Thank you. Yes, I agree that must be right: something that needed registration for another reason - and was - before the new rules came into force surely cannot need registration again just because it also falls into the new criteria!

I think you are confusing why the TRS is used to obtain a UTR for a complex estate. this is not part of the 5MLD regs but rather HMRC’s way of allowing the UTR to be requested online.

If the admin of the estate then runs over 2 years my understanding is that the answer to the UTR question is no because that is the UTR of the estate not the “trust of admin” which is not a taxable entity in its own right.

The words “on trust” are not sufficient in themselves to require registration. They must actually create an express trust. The problem is that they may create a bare trust whereas if they had not been used arguably no trust would have been created. I believe HMRC are being pressed on this point but that at present this is their view.
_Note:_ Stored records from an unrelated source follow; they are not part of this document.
theorem proposition2:
  fixes SS :: "(real^'q::finite) set"
    and \<Delta> :: "real^'q^'q"
    and A X Sch :: "nat \<Rightarrow> real^'q"
    and Abar \<rho> \<eta> :: "real^'q"
  assumes SS_fin: "finite SS" and SS_ne: "SS \<noteq> {}"
    and SS_nonneg: "\<forall>S\<in>SS. \<forall>q. 0 \<le> S $ q"
    and Delta_diag: "\<forall>i j. i \<noteq> j \<longrightarrow> \<Delta> $ i $ j = 0"
    and Delta_pos: "\<forall>i. 0 < \<Delta> $ i $ i"
    and A_bnd: "\<forall>t q. 0 \<le> A t $ q \<and> A t $ q \<le> Abar $ q"
    and rho_lim: "(\<lambda>t. (1 / real t) *\<^sub>R (\<Sum>s<t. A s)) \<longlonglongrightarrow> \<rho>"
    and rho_pos: "\<forall>q. 0 < \<rho> $ q"
    and X0: "X 0 = 0"
    and X_step: "\<forall>t. X (Suc t) = X t + A t - (\<chi> q. min (Sch t $ q) (X t $ q))"
    and Sch_in: "\<forall>t. Sch t \<in> SS"
    and Sch_maxweight: "\<forall>t. \<forall>S\<in>SS. S \<bullet> (\<Delta> *v X t) \<le> Sch t \<bullet> (\<Delta> *v X t)"
    and overload: "\<rho> \<notin> stab_region SS"
    and eta_lim: "(\<lambda>t. (1 / real t) *\<^sub>R X t) \<longlonglongrightarrow> \<eta>"
  shows "\<eta> \<in> Psi \<rho> SS \<and>
         (\<forall>\<eta>'\<in>Psi \<rho> SS. \<eta>' \<noteq> \<eta> \<longrightarrow> \<eta> \<bullet> (\<Delta> *v \<eta>) < \<eta>' \<bullet> (\<Delta> *v \<eta>'))"
proof -
  interpret maxweight_fluid_limit SS \<Delta> A X Sch \<rho> \<eta>
    using assms by unfold_locales (auto simp: cesaro_mean_def[abs_def])
  show ?thesis using eta_in_Psi eta_strict_minimizer by blast
qed

end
James Kessler makes an interesting point in a footnote in his book. The formalistic use of these words goes back to an era when it was necessary with real property to state specifically that it was devised “on trust” in order to vest it in will trustees. Although after the Land Transfer Act 1897 this is no longer necessary the old habits of drafters and precedent creators die hard. In the TRS era the question needs to be asked: are these words actually necessary except in relation to a genuine will trust.

Jack Harper

One thought on @jack’s final question is that I doubt “TRS Avoidance” will become a thing. At the moment, anyway, it seems likely to me that solicitors will continue to draft wills with the wording that they did before, and those administering estates will simply diarise to register them after two years, which will just be seen as a minor chore with no significant consequences.

Does anyone see this playing-out differently?